Starting at the line with "(C * cmod (symb" and going on through the line with "using smooth_on_mult[OF open_phase", reproduce each line in the records below exactly and nothing more.

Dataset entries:
-- Opening Marker --

lemma jbr_power_le_sfun: "\<exists>E>0. \<forall>x\<in>K. \<forall>\<xi>. jbr \<xi> ^ (2 * m) \<le> E * (1 + sfun a m z x \<xi>)"
proof (cases "m = 0")
  case True
  then show ?thesis
    by (auto simp: sfun_def intro!: exI[of _ 1])
next
  case False
  then obtain R C where R: "1 \<le> R" and C: "0 < C"
    and large: "\<And>x \<xi>. x \<in> K \<Longrightarrow> R \<le> norm \<xi> \<Longrightarrow> norm \<xi> ^ m \<le> C * cmod (symb a m x \<xi> - z)"
    using symb_minus_z_large_xi by blast
  define E where "E = 2 ^ m * C\<^sup>2 + (1 + R\<^sup>2) ^ m"
  have "jbr \<xi> ^ (2 * m) \<le> E * (1 + sfun a m z x \<xi>)" if "x \<in> K" for x \<xi>
  proof -
    let ?r = "norm \<xi>" and ?s = "sfun a m z x \<xi>"
    have s: "0 \<le> ?s"
      unfolding sfun_def by simp
    have "jbr \<xi> ^ (2 * m) \<le> 2 ^ m * C\<^sup>2 * ?s + (1 + R\<^sup>2) ^ m"
    proof (cases "R \<le> ?r")
      case True
      have "jbr \<xi> ^ (2 * m) \<le> (2 * ?r\<^sup>2) ^ m"
        unfolding jbr_power_eq using R True mult_mono[of 1 ?r 1 ?r]
        by (intro power_mono) (auto simp: power2_eq_square)
      also have "\<dots> = 2 ^ m * (?r ^ m)\<^sup>2"
        by (simp add: power_mult_distrib power_mult[symmetric] mult.commute)
      also have "\<dots> \<le> 2 ^ m * (C * cmod (symb a m x \<xi> - z))\<^sup>2"
        using large[OF that True] by (intro mult_left_mono power_mono) auto
      also have "\<dots> = 2 ^ m * C\<^sup>2 * ?s"
        by (simp add: sfun_def power_mult_distrib)
      finally show ?thesis
        by (simp add: add_increasing2)
    next
      case False
      then have "jbr \<xi> ^ (2 * m) \<le> (1 + R\<^sup>2) ^ m"
        unfolding jbr_power_eq by (intro power_mono) (auto intro: power_mono)
      then show ?thesis
        using s by (simp add: add_increasing)
    qed
    also have "\<dots> \<le> E * (1 + ?s)"
      using s unfolding E_def by (simp add: algebra_simps add_increasing)
    finally show ?thesis .
  qed
  moreover have "0 < E"
    unfolding E_def using C by (simp add: add_pos_nonneg)
  ultimately show ?thesis
    by blast
qed

definition pz :: "(real^'n) \<times> (real^'n) \<Rightarrow> complex" where
  "pz p = symb a m (fst p) (snd p) - z"

abbreviation sp :: "(real^'n) \<times> (real^'n) \<Rightarrow> real" where
  "sp p \<equiv> sfun a m z (fst p) (snd p)"

lemma norm_pz: "cmod (pz p) = sqrt (sp p)"
  unfolding pz_def sfun_def by simp

lemma of_real_sp: "complex_of_real (sp p) = pz p * cnj (pz p)"
  unfolding pz_def sfun_def using complex_norm_square by simp

lemma symbol_pz: "symbol m pz"
proof -
  have "symbol m (\<lambda>p. symb a m (fst p) (snd p) + - z)"
    using symbol_symb[OF smooth_coeffs] symbol_mono[OF symbol_const] by (intro symbol_add) auto
  then show ?thesis
    unfolding pz_def[abs_def] by simp
qed

lemma smooth_sp: "smooth_on phase (\<lambda>p. complex_of_real (sp p))"
  unfolding of_real_sp
  using smooth_on_mult[OF open_phase _ smooth_on_linear[OF bounded_linear_cnj open_phase]] symbol_smooth[OF symbol_pz]
  by blast

lemma iter_dirderiv_pz_bound:
  assumes "set A \<subseteq> coord_dirs"
  shows "\<exists>C\<ge>0. \<forall>p\<in>K \<times> UNIV. cmod (iter_dirderiv pz A p) \<le>
           C * (if A = [] then sqrt (sp p) else jbr (snd p) ^ m) / jbr (snd p) ^ xi_order A"
proof (cases "A = []")
  case True
  then show ?thesis
    by (auto simp: norm_pz xi_order_def intro!: exI[of _ 1])
next
  case False
  then show ?thesis
    using symbol_bound[OF symbol_pz assms] by simp
qed

text \<open>A derivative of |p - z|^2 = (p - z) * cnj (p - z) falls on both factors only if there are at least two
  of them; otherwise one factor stays undifferentiated and contributes sqrt s.\<close>
definition sp_weight :: "((real^'n) \<times> (real^'n)) list \<Rightarrow> (real^'n) \<times> (real^'n) \<Rightarrow> real" where
  "sp_weight ws p = (sqrt (sp p) * jbr (snd p) ^ m + (if 2 \<le> length ws then (jbr (snd p) ^ m)\<^sup>2 else 0))
     / jbr (snd p) ^ xi_order ws"

lemma norm_iter_dirderiv_pz_cnj_le:
  assumes AB: "(A, B) \<in> set (splits ws)" and ws: "ws \<noteq> []" "set ws \<subseteq> coord_dirs"
  shows "\<exists>c. \<forall>p\<in>K \<times> UNIV.
           cmod (iter_dirderiv pz A p) * cmod (iter_dirderiv (\<lambda>p. cnj (pz p)) B p) \<le> c * sp_weight ws p"
proof -
  let ?u = "\<lambda>A p. if A = [] then sqrt (sp p) else jbr (snd p) ^ m"
  obtain C1 C2 where C: "0 \<le> C1" "0 \<le> C2"
    and C1: "\<forall>p\<in>K \<times> UNIV. cmod (iter_dirderiv pz A p) \<le> C1 * ?u A p / jbr (snd p) ^ xi_order A"
    and C2: "\<forall>p\<in>K \<times> UNIV. cmod (iter_dirderiv pz B p) \<le> C2 * ?u B p / jbr (snd p) ^ xi_order B"
    using iter_dirderiv_pz_bound[OF set_splits_subset(1)[OF AB ws(2)]]
      iter_dirderiv_pz_bound[OF set_splits_subset(2)[OF AB ws(2)]] by blast
  have u: "?u A p * ?u B p \<le> sqrt (sp p) * jbr (snd p) ^ m + (if 2 \<le> length ws then (jbr (snd p) ^ m)\<^sup>2 else 0)"
    for p
  proof -
    have "A \<noteq> [] \<or> B \<noteq> []"
      using length_splits[OF AB] ws(1) by auto
    moreover have "A \<noteq> [] \<Longrightarrow> B \<noteq> [] \<Longrightarrow> 2 \<le> length ws"
      using length_splits[OF AB] by (cases A; cases B) auto
    ultimately show ?thesis
      by (auto simp: power2_eq_square)
  qed
  have "cmod (iter_dirderiv pz A p) * cmod (iter_dirderiv (\<lambda>p. cnj (pz p)) B p) \<le> (C1 * C2) * sp_weight ws p"
    if p: "p \<in> K \<times> UNIV" for p
  proof -
    have "cmod (iter_dirderiv (\<lambda>p. cnj (pz p)) B p) = cmod (iter_dirderiv pz B p)"
      using iter_dirderiv_linear[OF bounded_linear_cnj open_phase symbol_smooth[OF symbol_pz] K_phase[OF p]]
      by simp
    then have a: "cmod (iter_dirderiv pz A p) \<le> C1 * ?u A p / jbr (snd p) ^ xi_order A"
      and b: "cmod (iter_dirderiv (\<lambda>p. cnj (pz p)) B p) \<le> C2 * ?u B p / jbr (snd p) ^ xi_order B"
      using C1 C2 p by (simp_all only:)
    have "cmod (iter_dirderiv pz A p) * cmod (iter_dirderiv (\<lambda>p. cnj (pz p)) B p)
            \<le> (C1 * ?u A p / jbr (snd p) ^ xi_order A) * (C2 * ?u B p / jbr (snd p) ^ xi_order B)"
      using mult_mono[OF a b order_trans[OF norm_ge_zero a] norm_ge_zero] .
    also have "\<dots> = (C1 * C2) * (?u A p * ?u B p) / jbr (snd p) ^ xi_order ws"
      unfolding xi_order_splits[OF AB, symmetric] power_add by simp
    also have "\<dots> \<le> (C1 * C2) * sp_weight ws p"
      using u[of p] C unfolding sp_weight_def by (simp add: divide_right_mono mult_left_mono)
    finally show ?thesis .
  qed
  then show ?thesis
    by blast
qed

lemma iter_dirderiv_sp_bound:
  assumes "ws \<noteq> []" "set ws \<subseteq> coord_dirs"
  shows "\<exists>M. \<forall>p\<in>K \<times> UNIV. cmod (iter_dirderiv (\<lambda>p. complex_of_real (sp p)) ws p) \<le> M * sp_weight ws p"
proof -
  let ?S = "\<lambda>p. \<Sum>(A, B)\<leftarrow>splits ws. cmod (iter_dirderiv pz A p) * cmod (iter_dirderiv (\<lambda>p. cnj (pz p)) B p)"
  have smooth: "smooth_on phase pz" "smooth_on phase (\<lambda>p. cnj (pz p))"
    using symbol_smooth[OF symbol_pz] smooth_on_linear[OF bounded_linear_cnj open_phase] by blast+
  have "\<exists>c. \<forall>p\<in>K \<times> UNIV. ?S p \<le> c * sp_weight ws p"
    using norm_iter_dirderiv_pz_cnj_le[OF _ assms] by (intro sum_list_le_uniform) auto
  then obtain c where c: "\<forall>p\<in>K \<times> UNIV. ?S p \<le> c * sp_weight ws p"
    by blast
  have "cmod (iter_dirderiv (\<lambda>p. complex_of_real (sp p)) ws p) \<le> c * sp_weight ws p" if "p \<in> K \<times> UNIV" for p
    using order_trans[OF norm_iter_dirderiv_mult_le[OF open_phase smooth K_phase[OF that]] c[rule_format, OF that]]
    unfolding of_real_sp .
  then show ?thesis
    by blast
qed

definition s_over :: "real \<Rightarrow> (real^'n) \<times> (real^'n) \<Rightarrow> complex" where
  "s_over \<alpha> p = complex_of_real (sp p / \<alpha>)"

lemma s_over_eq: "s_over \<alpha> = (\<lambda>p. complex_of_real (1 / \<alpha>) * complex_of_real (sp p))"
  by (simp add: fun_eq_iff s_over_def)

lemma smooth_s_over: "smooth_on phase (s_over \<alpha>)"
  unfolding s_over_eq by (rule smooth_on_linear[OF bounded_linear_mult_right open_phase smooth_sp])

lemma iter_dirderiv_s_over_bound:
  assumes "ws \<noteq> []" "set ws \<subseteq> coord_dirs"
  shows "\<exists>M\<ge>0. \<forall>\<alpha> p. 0 < \<alpha> \<and> \<alpha> \<le> 1 \<and> p \<in> K \<times> UNIV \<longrightarrow> cmod (iter_dirderiv (s_over \<alpha>) ws p)
           \<le> M * ((1 + sp p / \<alpha>) * inv_Lam \<alpha> (sp p) ^ length ws / jbr (snd p) ^ xi_order ws)"
proof -
  obtain M where M: "\<forall>p\<in>K \<times> UNIV. cmod (iter_dirderiv (\<lambda>p. complex_of_real (sp p)) ws p) \<le> M * sp_weight ws p"
    using iter_dirderiv_sp_bound[OF assms] by blast
  obtain E where E: "0 < E" "\<forall>x\<in>K. \<forall>\<xi>. jbr \<xi> ^ (2 * m) \<le> E * (1 + sfun a m z x \<xi>)"
    using jbr_power_le_sfun by blast
  let ?M = "max M 0 * (sqrt E + E)"
  have "cmod (iter_dirderiv (s_over \<alpha>) ws p)
          \<le> ?M * ((1 + sp p / \<alpha>) * inv_Lam \<alpha> (sp p) ^ length ws / jbr (snd p) ^ xi_order ws)"
    if \<alpha>: "0 < \<alpha>" "\<alpha> \<le> 1" and p: "p \<in> K \<times> UNIV" for \<alpha> p
  proof -
    let ?j = "jbr (snd p) ^ m" and ?k = "jbr (snd p) ^ xi_order ws"
    let ?V = "sqrt (sp p) * ?j + (if 2 \<le> length ws then ?j\<^sup>2 else 0)"
    have V: "0 \<le> ?V"
      by simp
    have "?j\<^sup>2 \<le> E * (1 + sp p)"
      using E(2) p by (auto simp: power_mult[symmetric] mult.commute)
    then have V_le: "?V \<le> (sqrt E + E) * ((\<alpha> + sp p) * inv_Lam \<alpha> (sp p) ^ length ws)"
      using \<alpha> assms(1) by (intro sqrt_mult_plus_square_le_inv_Lam) (auto simp: Suc_le_eq)
    have "M * sp_weight ws p \<le> max M 0 * ?V / ?k"
      unfolding sp_weight_def times_divide_eq_right[symmetric] by (intro mult_right_mono) auto
    then have sp_le: "cmod (iter_dirderiv (\<lambda>p. complex_of_real (sp p)) ws p) \<le> max M 0 * ?V / ?k"
      by (rule order_trans[OF bspec[OF M p]])
    have "iter_dirderiv (s_over \<alpha>) ws p = complex_of_real (1 / \<alpha>) * iter_dirderiv (\<lambda>p. complex_of_real (sp p)) ws p"
      unfolding s_over_eq
      by (rule iter_dirderiv_linear[OF bounded_linear_mult_right open_phase smooth_sp K_phase[OF p]])
    then have "cmod (iter_dirderiv (s_over \<alpha>) ws p) = (1 / \<alpha>) * cmod (iter_dirderiv (\<lambda>p. complex_of_real (sp p)) ws p)"
      using \<alpha> by (simp add: norm_divide)
    also have "\<dots> \<le> (1 / \<alpha>) * (max M 0 * ?V / ?k)"
      using sp_le \<alpha> by (intro mult_left_mono) auto
    also have "\<dots> \<le> (1 / \<alpha>) * (max M 0 * ((sqrt E + E) * ((\<alpha> + sp p) * inv_Lam \<alpha> (sp p) ^ length ws)) / ?k)"
      using V_le \<alpha> by (intro mult_left_mono divide_right_mono) auto
    also have "\<dots> = ?M * ((1 + sp p / \<alpha>) * inv_Lam \<alpha> (sp p) ^ length ws / ?k)"
      using \<alpha> by (simp add: field_simps)
    finally show ?thesis .
  qed
  moreover have "0 \<le> ?M"
    using E(1) by simp
  ultimately show ?thesis
    by blast
qed

definition shifted_power :: "real \<Rightarrow> real \<Rightarrow> complex \<Rightarrow> (real^'n) \<times> (real^'n) \<Rightarrow> complex" where
  "shifted_power l \<alpha> w p = (w - s_over \<alpha> p) powr complex_of_real l"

-- Closing Marker --

WRITTEN ANSWER:
      also have "\<dots> \<le> 2 ^ m * (C * cmod (symb a m x \<xi> - z))\<^sup>2"
        using large[OF that True] by (intro mult_left_mono power_mono) auto
      also have "\<dots> = 2 ^ m * C\<^sup>2 * ?s"
        by (simp add: sfun_def power_mult_distrib)
      finally show ?thesis
        by (simp add: add_increasing2)
    next
      case False
      then have "jbr \<xi> ^ (2 * m) \<le> (1 + R\<^sup>2) ^ m"
        unfolding jbr_power_eq by (intro power_mono) (auto intro: power_mono)
      then show ?thesis
        using s by (simp add: add_increasing)
    qed
    also have "\<dots> \<le> E * (1 + ?s)"
      using s unfolding E_def by (simp add: algebra_simps add_increasing)
    finally show ?thesis .
  qed
  moreover have "0 < E"
    unfolding E_def using C by (simp add: add_pos_nonneg)
  ultimately show ?thesis
    by blast
qed

definition pz :: "(real^'n) \<times> (real^'n) \<Rightarrow> complex" where
  "pz p = symb a m (fst p) (snd p) - z"

abbreviation sp :: "(real^'n) \<times> (real^'n) \<Rightarrow> real" where
  "sp p \<equiv> sfun a m z (fst p) (snd p)"

lemma norm_pz: "cmod (pz p) = sqrt (sp p)"
  unfolding pz_def sfun_def by simp

lemma of_real_sp: "complex_of_real (sp p) = pz p * cnj (pz p)"
  unfolding pz_def sfun_def using complex_norm_square by simp

lemma symbol_pz: "symbol m pz"
proof -
  have "symbol m (\<lambda>p. symb a m (fst p) (snd p) + - z)"
    using symbol_symb[OF smooth_coeffs] symbol_mono[OF symbol_const] by (intro symbol_add) auto
  then show ?thesis
    unfolding pz_def[abs_def] by simp
qed

lemma smooth_sp: "smooth_on phase (\<lambda>p. complex_of_real (sp p))"
  unfolding of_real_sp
  using smooth_on_mult[OF open_phase _ smooth_on_linear[OF bounded_linear_cnj open_phase]] symbol_smooth[OF symbol_pz]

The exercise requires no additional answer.